For the polling geeks of the world, predicting a Barack Obama victory in the days before Tuesday’s election was a no-brainer. But Emory political science professor Drew Linzer pegged Tuesday night’s results last summer: 332 electoral votes for Obama; 206 for his opponent, Mitt Romney.
“The prediction the model spit out in June turned out to be fairly accurate,” Linzer said Tuesday afternoon. In fact, if Obama holds his lead in Florida, it was exactly right.
Linzer is a member of a small but growing tribe of data scientists who are applying sophisticated statistical techniques to wring more information from the thousands of poll results publicly available during a presidential election. By mixing in information about the economy and candidate popularity, they produce election forecasts that are much more reliable than any single poll.
Statistician and former professional poker player Nate Silver was the first to popularize the approach. During the 2008 elections, he decided that statistical models he used to predict baseball performance could be adapted to predict election outcomes. That year in his FiveThirtyEight blog (there are 538 votes in the electoral college), he correctly predicted election results in all but one state.
It was also in 2008 that Linzer earned his PhD and became an assistant professor in the Emory University political science department after having worked three years in the public opinion polling industry.
He started playing around with his own forecasting model, applying it to 2008 election data to test its predictive power. Last summer, he decided to share the results of his model applied to the 2012 election through a web site, Votamatic.org.
Soon he was being mentioned in news stories alongside Silver, and Sam Wang of the Princeton Election Consortium, and his site was getting 70,000 to 80,000 hits a day.
The problem with any individual poll, Linzer said, is a natural limit to its accuracy. With unlimited time and money, a pollster could talk to all 100 million or so voters and know how they are thinking about casting their ballots.
Most polls, though, are limited to asking a few hundred to a few thousand people and will never tell you the real number.
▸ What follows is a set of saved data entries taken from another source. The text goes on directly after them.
(* Let $G$ be a group, $N$ a normal subgroup and $c\in\mathrm{C}_1(G;\mathbb{Z})$. The following are equivalent: (i) there exist $k,l\in\mathbb{Z}_{\ge0}$ and $x_1,\dots,x_k,\check x_1,\dots,\check x_l\in N$ with $c=x_1+\cdots+x_k-\check x_1-\cdots-\check x_l$ and $x_1\cdots x_k\check x_1^{-1}\cdots\check x_l^{-1}\in[G,N]$; (ii) $c\in\mathcal{C}_{\mathbb{Z}}(G,N)$.
   Context: $[G,N]$ is the subgroup generated by $[g,x]=gxg^{-1}x^{-1}$, $g\in G$, $x\in N$. $\mathrm{C}_1(G;A)$ is the free $A$-module on $G$, $\mathrm{C}_2(G;A)$ the free $A$-module on $G\times G$, $\partial(g_1,g_2)=g_2-g_1g_2+g_1$. $\mathrm{C}'_2(G,N;A)$ is the submodule generated by pairs $(g_1,g_2)$ with $g_1\in N$ or $g_2\in N$; $\mathrm{B}'_1(G,N;A)=\partial\,\mathrm{C}'_2(G,N;A)$; $\mathcal{C}_A(G,N)=\mathrm{C}_1(N;A)\cap\mathrm{B}'_1(G,N;A)$. *)

theory Defs
  imports "HOL-Algebra.Algebra"
begin

definition supp :: "('b \<Rightarrow> int) \<Rightarrow> 'b set" where
  "supp c = {x. c x \<noteq> 0}"

text \<open>C_1(S; Z): free Z-module on a set S, as finitely supported functions S -> Z.\<close>
definition chains1 :: "'a set \<Rightarrow> ('a \<Rightarrow> int) set" where
  "chains1 S = {c. finite (supp c) \<and> supp c \<subseteq> S}"

definition chains2 :: "('a, 'b) monoid_scheme \<Rightarrow> ('a \<times> 'a \<Rightarrow> int) set" where
  "chains2 G = {c. finite (supp c) \<and> supp c \<subseteq> carrier G \<times> carrier G}"

text \<open>C'_2(G,N; Z): submodule generated by pairs (g1,g2) with g1 in N or g2 in N.\<close>
definition rel_chains2 :: "('a, 'b) monoid_scheme \<Rightarrow> 'a set \<Rightarrow> ('a \<times> 'a \<Rightarrow> int) set" where
  "rel_chains2 G N = {c. c \<in> chains2 G \<and>
      supp c \<subseteq> {(g1, g2). g1 \<in> N \<or> g2 \<in> N}}"

definition basis1 :: "'a \<Rightarrow> 'a \<Rightarrow> int" where
  "basis1 g = (\<lambda>x. if x = g then 1 else 0)"

definition bdry2 :: "('a, 'b) monoid_scheme \<Rightarrow> ('a \<times> 'a \<Rightarrow> int) \<Rightarrow> 'a \<Rightarrow> int" where
  "bdry2 G c = (\<lambda>x. \<Sum>p\<in>supp c. c p *
      (basis1 (snd p) x - basis1 (fst p \<otimes>\<^bsub>G\<^esub> snd p) x + basis1 (fst p) x))"

definition rel_bdries1 :: "('a, 'b) monoid_scheme \<Rightarrow> 'a set \<Rightarrow> ('a \<Rightarrow> int) set" where
  "rel_bdries1 G N = bdry2 G ` rel_chains2 G N"

definition calC :: "('a, 'b) monoid_scheme \<Rightarrow> 'a set \<Rightarrow> ('a \<Rightarrow> int) set" where
  "calC G N = chains1 N \<inter> rel_bdries1 G N"

definition comm_subgroup :: "('a, 'b) monoid_scheme \<Rightarrow> 'a set \<Rightarrow> 'a set" where
  "comm_subgroup G N = generate G
     {g \<otimes>\<^bsub>G\<^esub> x \<otimes>\<^bsub>G\<^esub> inv\<^bsub>G\<^esub> g \<otimes>\<^bsub>G\<^esub> inv\<^bsub>G\<^esub> x | g x. g \<in> carrier G \<and> x \<in> N}"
So they rely on probability theory, which says that random survey results cluster around the real number so that there is a 95 percent chance your poll results is within a set range of the real number. .
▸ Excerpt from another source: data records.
(* Let $q$ be a positive multiple of $24$, let $w_A,w_B:\mathbb{Z}/q\mathbb{Z}\to[0,1]$, and let $a,b:\mathbb{Z}/24\mathbb{Z}\to[0,1]$ be $a(k):=\frac{24}{q}\sum_{x\equiv k\ (\mathrm{mod}\ 24)}w_A(x)$, $b(k):=\frac{24}{q}\sum_{x\equiv k\ (\mathrm{mod}\ 24)}w_B(x)$ (sums over $x\in\mathbb{Z}/q\mathbb{Z}$). Then $$\Bigg|\sum_{\substack{m\in\mathbb{Z}/q\mathbb{Z}\\ q\nmid 24m}}\widehat{w_A}(m)\widehat{w_B}(m)\widehat{f_q}(-m)\Bigg|\le\frac1{24\sqrt5}\sqrt{\sum_{k\in\mathbb{Z}/24\mathbb{Z}}\big(a(k)-a(k)^2\big)}\sqrt{\sum_{k\in\mathbb{Z}/24\mathbb{Z}}\big(b(k)-b(k)^2\big)}.$$
   Context: $e(\theta):=e^{2\pi i\theta}$. For $f:\mathbb{Z}/q\mathbb{Z}\to\mathbb{C}$, $\widehat f(r):=\frac1q\sum_{x\in\mathbb{Z}/q\mathbb{Z}}f(x)e(-rx/q)$, and $f_q(t):=\#\{x\in\mathbb{Z}/q\mathbb{Z}:x^2=t\}$. *)

theory Defs
  imports "HOL-Analysis.Analysis"
begin

text \<open>Z/qZ is represented by the residues {0..<q}; functions on Z/qZ are functions
  on nat of which only the values on {0..<q} matter.\<close>

definition e :: "real \<Rightarrow> complex" where
  "e \<theta> = cis (2 * pi * \<theta>)"

definition fhat :: "nat \<Rightarrow> (nat \<Rightarrow> real) \<Rightarrow> int \<Rightarrow> complex" where
  "fhat q f r = (1 / of_nat q) * (\<Sum>x<q. of_real (f x) * e (- (of_int r * of_nat x) / of_nat q))"

definition fq :: "nat \<Rightarrow> nat \<Rightarrow> real" where
  "fq q t = real (card {x. x < q \<and> x^2 mod q = t mod q})"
If there are results from many polls, however, then the sampling errors — the differences between the samples and the real number — should cancel out, and the average of all the polls should get you much closer to the real number.
Linzer’s model, as well as Silver’s, also throws in other information that, history shows, impacts election outcomes: economic growth rates, incumbency and candidate approval ratings. Early in the election cycle, Linzer’s model places more weight on these factors. As more polling data becomes available and as more people pay attention to the election and opinion solidifies, Linzer gives poll results more weight.
The result, Linzer hopes, is more accurate long-term and short term election forecasts. But as a political scientist, he’s even more interested in the more accurate daily picture that can give insight into how events impact campaigns and how public opinion can change.
For the 2012 presidential race, Linzer said his model showed four phases. Obama started in the lead, but his support gradually shrank through the summer. The conventions reversed that, starting a gradual revival in Obama’s support up to the first presidential debate.
That debate produced an immediate drop in Obama’s support. But the damage was limited to just 2 percentage points, the model suggested, not the 6 to 8 points some polls showed. After the final debate, Obama’s support grew again until, by election night, it was back to where it had started last summer.
In the end, Linzer said, support for both candidates proved to be very stable throughout the election. Both were well known to voters from the beginning, and there were many fewer undecided voters than in previous elections.
The billions spent on advertising by the two campaigns and their supporting PACs and super PACs, Linzer said, mostly canceled each other out.
“It was an arms race. But you can’t expect unilateral disarmament,” he said.
And those daily jumps and dives in poll results obsessed over by pundits: mostly sampling error, Linzer said.
Linzer said he plans to refine his Votamatic web site for the 2016 election.
“The science of this is still new, in my opinion,” Linzer said. “I wouldn’t say that we’ve solved this yet.”